-------- Records to use
lemma convex_meets_hyperplane:
  fixes F :: "'a::euclidean_space set"
  assumes "convex F" "F \<inter> {x. c \<le> a \<bullet> x} \<noteq> {}" "F \<inter> {x. a \<bullet> x \<le> c} \<noteq> {}"
  shows "F \<inter> {x. a \<bullet> x = c} \<noteq> {}"
  using connected_ivt_hyperplane[OF convex_connected[OF assms(1)], of _ _ a c] assms(2,3) by blast

lemma convex_halfspace_parts_plus:
  fixes F :: "'a::euclidean_space set"
  assumes "convex F"
  shows "(F \<inter> {x. c \<le> a \<bullet> x}) + (F \<inter> {x. a \<bullet> x \<le> c}) = F + (F \<inter> {x. a \<bullet> x = c})"
proof (intro equalityI subsetI)
  fix s assume "s \<in> (F \<inter> {x. c \<le> a \<bullet> x}) + (F \<inter> {x. a \<bullet> x \<le> c})"
  then obtain x y where x: "x \<in> F" "c \<le> a \<bullet> x" and y: "y \<in> F" "a \<bullet> y \<le> c" and s: "s = x + y"
    by (auto simp: set_plus_def)
  obtain w where w: "w \<in> closed_segment y x" "a \<bullet> w = c"
    using connected_ivt_hyperplane[OF connected_segment _ _ y(2) x(2)] by blast
  then obtain t where t: "0 \<le> t" "t \<le> 1" "w = (1 - t) *\<^sub>R y + t *\<^sub>R x"
    by (auto simp: in_segment)
  \<comment> \<open>The reflection u = x + y - w of w in the midpoint of x and y also lies in F.\<close>
  define u where "u = t *\<^sub>R y + (1 - t) *\<^sub>R x"
  have "u \<in> F" "w \<in> F"
    using assms x(1) y(1) t by (auto simp: u_def convex_def)
  moreover have "s = u + w"
    by (simp add: s t(3) u_def algebra_simps)
  ultimately show "s \<in> F + (F \<inter> {x. a \<bullet> x = c})"
    using w(2) by (auto intro: set_plus_intro)
next
  fix s assume "s \<in> F + (F \<inter> {x. a \<bullet> x = c})"
  then obtain x y where x: "x \<in> F" and y: "y \<in> F" "a \<bullet> y = c" and s: "s = x + y"
    by (auto simp: set_plus_def)
  show "s \<in> (F \<inter> {x. c \<le> a \<bullet> x}) + (F \<inter> {x. a \<bullet> x \<le> c})"
  proof (cases "c \<le> a \<bullet> x")
    case True
    then show ?thesis using x y s by (auto intro: set_plus_intro)
  next
    case False
    then show ?thesis using x y s set_plus_intro[of y _ x] by (auto simp: add.commute)
  qed
qed

lemma aff_dim_Int_halfspace_le:
  fixes F :: "'a::euclidean_space set"
  assumes "convex F" "z \<in> F" "a \<bullet> z < c"
  shows "aff_dim (F \<inter> {x. a \<bullet> x \<le> c}) = aff_dim F"
proof -
  have "z \<in> interior {x. a \<bullet> x \<le> c}"
    by (rule interiorI[of "{x. a \<bullet> x < c}"]) (use assms open_halfspace_lt in auto)
  then show ?thesis
    using aff_dim_convex_Int_nonempty_interior[OF assms(1)] assms(2) by blast
qed

lemma rel_interior_meets_hyperplane:
  fixes F :: "'a::euclidean_space set"
  assumes "convex F" "y \<in> F" "a \<bullet> y < c" "z \<in> F" "c < a \<bullet> z"
  obtains p where "p \<in> rel_interior F" "a \<bullet> p = c"
proof -
  obtain r where r: "r \<in> rel_interior F"
    using assms(1,2) rel_interior_eq_empty by blast
  have segment: "open_segment r v \<subseteq> rel_interior F" if "v \<in> F" for v
    using rel_interior_closure_convex_segment[OF assms(1) r] that closure_subset by blast
  consider "a \<bullet> r = c" | "a \<bullet> r < c" | "c < a \<bullet> r" by linarith
  then show ?thesis
  proof cases
    case 1
    then show ?thesis using r that by blast
  next
    case 2
    then show ?thesis
      using open_segment_meets_hyperplane[OF 2 assms(5)] segment[OF assms(4)] that by blast
  next
    case 3
    then show ?thesis
      using open_segment_meets_hyperplane[OF assms(3) 3] segment[OF assms(2)] that
      by (metis open_segment_commute subsetD)
  qed
qed

lemma aff_dim_Int_hyperplane_crossing:
  fixes F :: "'a::euclidean_space set"
  assumes "convex F" "y \<in> F" "a \<bullet> y < c" "z \<in> F" "c < a \<bullet> z"
  shows "aff_dim (F \<inter> {x. a \<bullet> x = c}) = aff_dim F - 1"
proof -
  obtain p where p: "p \<in> rel_interior F" "a \<bullet> p = c"
    using rel_interior_meets_hyperplane[OF assms] .
  obtain U where U: "open U" "rel_interior F = U \<inter> affine hull F"
    using openin_rel_interior[of F] by (auto simp: openin_open)
  define A where "A = affine hull F \<inter> {x. a \<bullet> x = c}"
  have "p \<in> A \<inter> U"
    using p U rel_interior_subset hull_subset by (fastforce simp: A_def)
  then have "aff_dim (A \<inter> U) = aff_dim A"
    by (intro aff_dim_convex_Int_open U) (auto simp: A_def intro: convex_Int convex_affine_hull convex_hyperplane)
  moreover have "aff_dim A = aff_dim F - 1"
    using \<open>p \<in> A \<inter> U\<close> assms(2,3) hull_subset[of F affine]
    by (auto simp: A_def aff_dim_affine_Int_hyperplane)
  moreover have "A \<inter> U \<subseteq> F \<inter> {x. a \<bullet> x = c}" "F \<inter> {x. a \<bullet> x = c} \<subseteq> A"
    using U rel_interior_subset hull_subset[of F affine] by (auto simp: A_def)
  ultimately show ?thesis
    using aff_dim_subset by (metis order_antisym)
qed

section \<open>Classes of polytopes\<close>

lemma pclass_plus:
  fixes A B :: "'a::euclidean_space set"
  assumes "polytope A" "A \<noteq> {}" "polytope B" "B \<noteq> {}"
  shows "pclass (A + B) = pclass A + pclass B"
proof -
  have AB: "polytope (A + B)" "A + B \<noteq> {}"
    using polytope_set_plus[OF assms(1,3)] assms(2,4) by (auto simp: set_plus_def)
  have "abs_grot (Abs_ppoly A, ppzero) + abs_grot (Abs_ppoly B, ppzero)
      = abs_grot (ppadd (Abs_ppoly A) (Abs_ppoly B), ppadd ppzero ppzero)"
    by (simp add: plus_grot.abs_eq grot.abs_eq_iff equivp_reflp[OF grot_rel_equivp])
  also have "\<dots> = abs_grot (Abs_ppoly (A + B), ppzero)"
    unfolding grot.abs_eq_iff grot_rel_def
    using assms AB by (auto simp: pset_ppadd pset_ppzero Abs_ppoly_inverse ac_simps intro!: exI[of _ ppzero])
  finally show ?thesis
    using AB assms by (simp add: pclass_def)
qed

lemma pclass_Int_halfspaces:
  fixes P :: "'a::euclidean_space set"
  assumes "polytope P" "P \<inter> {x. c \<le> a \<bullet> x} \<noteq> {}" "P \<inter> {x. a \<bullet> x \<le> c} \<noteq> {}"
  shows "pclass P + pclass (P \<inter> {x. a \<bullet> x = c})
       = pclass (P \<inter> {x. c \<le> a \<bullet> x}) + pclass (P \<inter> {x. a \<bullet> x \<le> c})"
proof -
  have "polytope (P \<inter> {x. c \<le> a \<bullet> x})" "polytope (P \<inter> {x. a \<bullet> x \<le> c})"
    "polytope (P \<inter> {x. a \<bullet> x = c})"
    using assms(1) by (auto intro: polytope_Int_polyhedron polyhedron_halfspace_ge
        polyhedron_halfspace_le polyhedron_hyperplane)
  moreover have "P \<noteq> {}" "P \<inter> {x. a \<bullet> x = c} \<noteq> {}"
    using assms convex_meets_hyperplane polytope_imp_convex by auto
  ultimately show ?thesis
    using convex_halfspace_parts_plus[OF polytope_imp_convex[OF assms(1)], of c a] assms
    by (simp add: pclass_plus[symmetric])
qed

section \<open>Faces of polytopes and of their hyperplane sections\<close>

lemma linear_functional_eq_inner_adjoint:
  fixes phi :: "'a::euclidean_space \<Rightarrow> real"
  assumes "linear phi"
  shows "phi x = adjoint phi 1 \<bullet> x"
  using adjoint_works[OF assms, of x 1] by (simp add: inner_commute)

lemma maximizers_eq_Int_hyperplane:
  fixes Q :: "'a::real_inner set"
  assumes "\<forall>x\<in>Q. b \<bullet> x \<le> d" "m \<in> Q" "b \<bullet> m = d"
  shows "{q \<in> Q. \<forall>q'\<in>Q. b \<bullet> q' \<le> b \<bullet> q} = Q \<inter> {x. b \<bullet> x = d}"
  using assms by (auto intro: order.antisym)

lemma faces_eq_nonempty_face_of:
  fixes Q :: "'a::euclidean_space set"
  assumes "polytope Q" "Q \<noteq> {}"
  shows "faces Q = {F. F face_of Q \<and> F \<noteq> {}}"
proof (intro set_eqI iffI)
  fix F assume "F \<in> faces Q"
  then obtain psi :: "'a \<Rightarrow> real" where "linear psi" and F: "F = {q \<in> Q. \<forall>q'\<in>Q. psi q' \<le> psi q}"
    unfolding faces_def by blast
  define b where "b = adjoint psi 1"
  have F: "F = {q \<in> Q. \<forall>q'\<in>Q. b \<bullet> q' \<le> b \<bullet> q}"
    using F linear_functional_eq_inner_adjoint[OF \<open>linear psi\<close>] by (simp add: b_def)
  have "continuous_on Q (\<lambda>x. b \<bullet> x)"
    by (intro continuous_intros)
  then obtain m where m: "m \<in> Q" "\<forall>y\<in>Q. b \<bullet> y \<le> b \<bullet> m"
    using continuous_attains_sup[OF polytope_imp_compact[OF assms(1)] assms(2)] by blast
  then have "F = Q \<inter> {x. b \<bullet> x = b \<bullet> m}"
    unfolding F by (intro maximizers_eq_Int_hyperplane) auto
  then show "F \<in> {F. F face_of Q \<and> F \<noteq> {}}"
    using face_of_Int_supporting_hyperplane_le[OF polytope_imp_convex[OF assms(1)]] m by auto
next
  fix F assume "F \<in> {F. F face_of Q \<and> F \<noteq> {}}"
  then have "F exposed_face_of Q" "F \<noteq> {}"
    using exposed_face_of_polyhedron polytope_imp_polyhedron assms(1) by auto
  then obtain b d f where "Q \<subseteq> {x. b \<bullet> x \<le> d}" "F = Q \<inter> {x. b \<bullet> x = d}" "f \<in> F"
    unfolding exposed_face_of_def by blast
  then have "F = {q \<in> Q. \<forall>q'\<in>Q. b \<bullet> q' \<le> b \<bullet> q}"
    using maximizers_eq_Int_hyperplane[of Q b d f] by auto
  moreover have "linear (\<lambda>x. b \<bullet> x)"
    by (simp add: bounded_linear.linear bounded_linear_inner_right)
  ultimately show "F \<in> faces Q"
    unfolding faces_def by blast
qed

lemma exists_face_of_rel_interior:
  fixes P :: "'a::euclidean_space set"
  assumes "polyhedron P" "x \<in> P"
  obtains F where "F face_of P" "x \<in> rel_interior F"
proof -
  \<comment> \<open>The smallest face containing x; a proper face of it through x would be smaller still.\<close>
  define F where "F = \<Inter>{T. T face_of P \<and> x \<in> T}"
  have "F face_of P"
    unfolding F_def using face_of_refl[OF polyhedron_imp_convex[OF assms(1)]] assms(2)
    by (intro face_of_Inter) auto
  moreover have "x \<in> rel_interior F"
  proof (rule ccontr)
    assume "x \<notin> rel_interior F"
    have "polyhedron F"
      using face_of_polyhedron_polyhedron[OF assms(1) \<open>F face_of P\<close>] .
    moreover have "x \<in> F"
      unfolding F_def by blast
    ultimately have "x \<in> rel_frontier F"
      using \<open>x \<notin> rel_interior F\<close> by (simp add: rel_frontier_def polyhedron_imp_closed)
    then obtain T where T: "T face_of F" "T \<noteq> F" "x \<in> T"
      using rel_frontier_of_polyhedron_alt[OF \<open>polyhedron F\<close>] by blast
    have "F \<subseteq> T"
      unfolding F_def using T(3) face_of_trans[OF T(1) \<open>F face_of P\<close>] by (intro Inter_lower) simp
    then show False
      using T face_of_imp_subset by blast
  qed
  ultimately show ?thesis
    using that by blast
qed

lemma face_of_Int_eq_Int_face_of:
  fixes P :: "'a::euclidean_space set"
  assumes "polyhedron P" "G face_of (P \<inter> T)" "E face_of T"
    and "x \<in> rel_interior G" "x \<in> rel_interior E"
  obtains F where "F face_of P" "G = F \<inter> E"
proof -
  have G: "G \<subseteq> P \<inter> T" "x \<in> G"
    using assms(2,4) face_of_imp_subset rel_interior_subset by blast+
  then obtain F where F: "F face_of P" "x \<in> rel_interior F"
    using exists_face_of_rel_interior assms(1) by blast
  have "x \<in> F" "x \<in> E"
    using F(2) assms(5) rel_interior_subset by blast+
  have "G \<subseteq> F"
    by (rule subset_of_face_of[OF F(1)]) (use G assms(4) \<open>x \<in> F\<close> in blast)+
  moreover have "G \<subseteq> E"
    by (rule subset_of_face_of[OF assms(3)]) (use G assms(4) \<open>x \<in> E\<close> in blast)+
  moreover have "F \<inter> E \<subseteq> G"
  proof (rule subset_of_face_of[OF assms(2)])
    show "F \<inter> E \<subseteq> P \<inter> T"
      using F(1) assms(3) face_of_imp_subset by blast
    have "rel_interior (F \<inter> E) = rel_interior F \<inter> rel_interior E"
      using F assms(3,5) by (intro convex_rel_interior_inter_two face_of_imp_convex) blast+
    then show "G \<inter> rel_interior (F \<inter> E) \<noteq> {}"
      using G(2) F(2) assms(5) by blast
  qed
  ultimately show ?thesis
    using that F(1) by blast
qed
----------------
-- Instructions to follow --
Restate word for word the entries above, starting at the line with "unfolding F_def using face_of_refl[OF" and ending at the line with "using rel_frontier_of_polyhedron_alt[OF \<open>polyhedron", inclusive, and no others.

-- Task result --
    unfolding F_def using face_of_refl[OF polyhedron_imp_convex[OF assms(1)]] assms(2)
    by (intro face_of_Inter) auto
  moreover have "x \<in> rel_interior F"
  proof (rule ccontr)
    assume "x \<notin> rel_interior F"
    have "polyhedron F"
      using face_of_polyhedron_polyhedron[OF assms(1) \<open>F face_of P\<close>] .
    moreover have "x \<in> F"
      unfolding F_def by blast
    ultimately have "x \<in> rel_frontier F"
      using \<open>x \<notin> rel_interior F\<close> by (simp add: rel_frontier_def polyhedron_imp_closed)
    then obtain T where T: "T face_of F" "T \<noteq> F" "x \<in> T"
      using rel_frontier_of_polyhedron_alt[OF \<open>polyhedron F\<close>] by blast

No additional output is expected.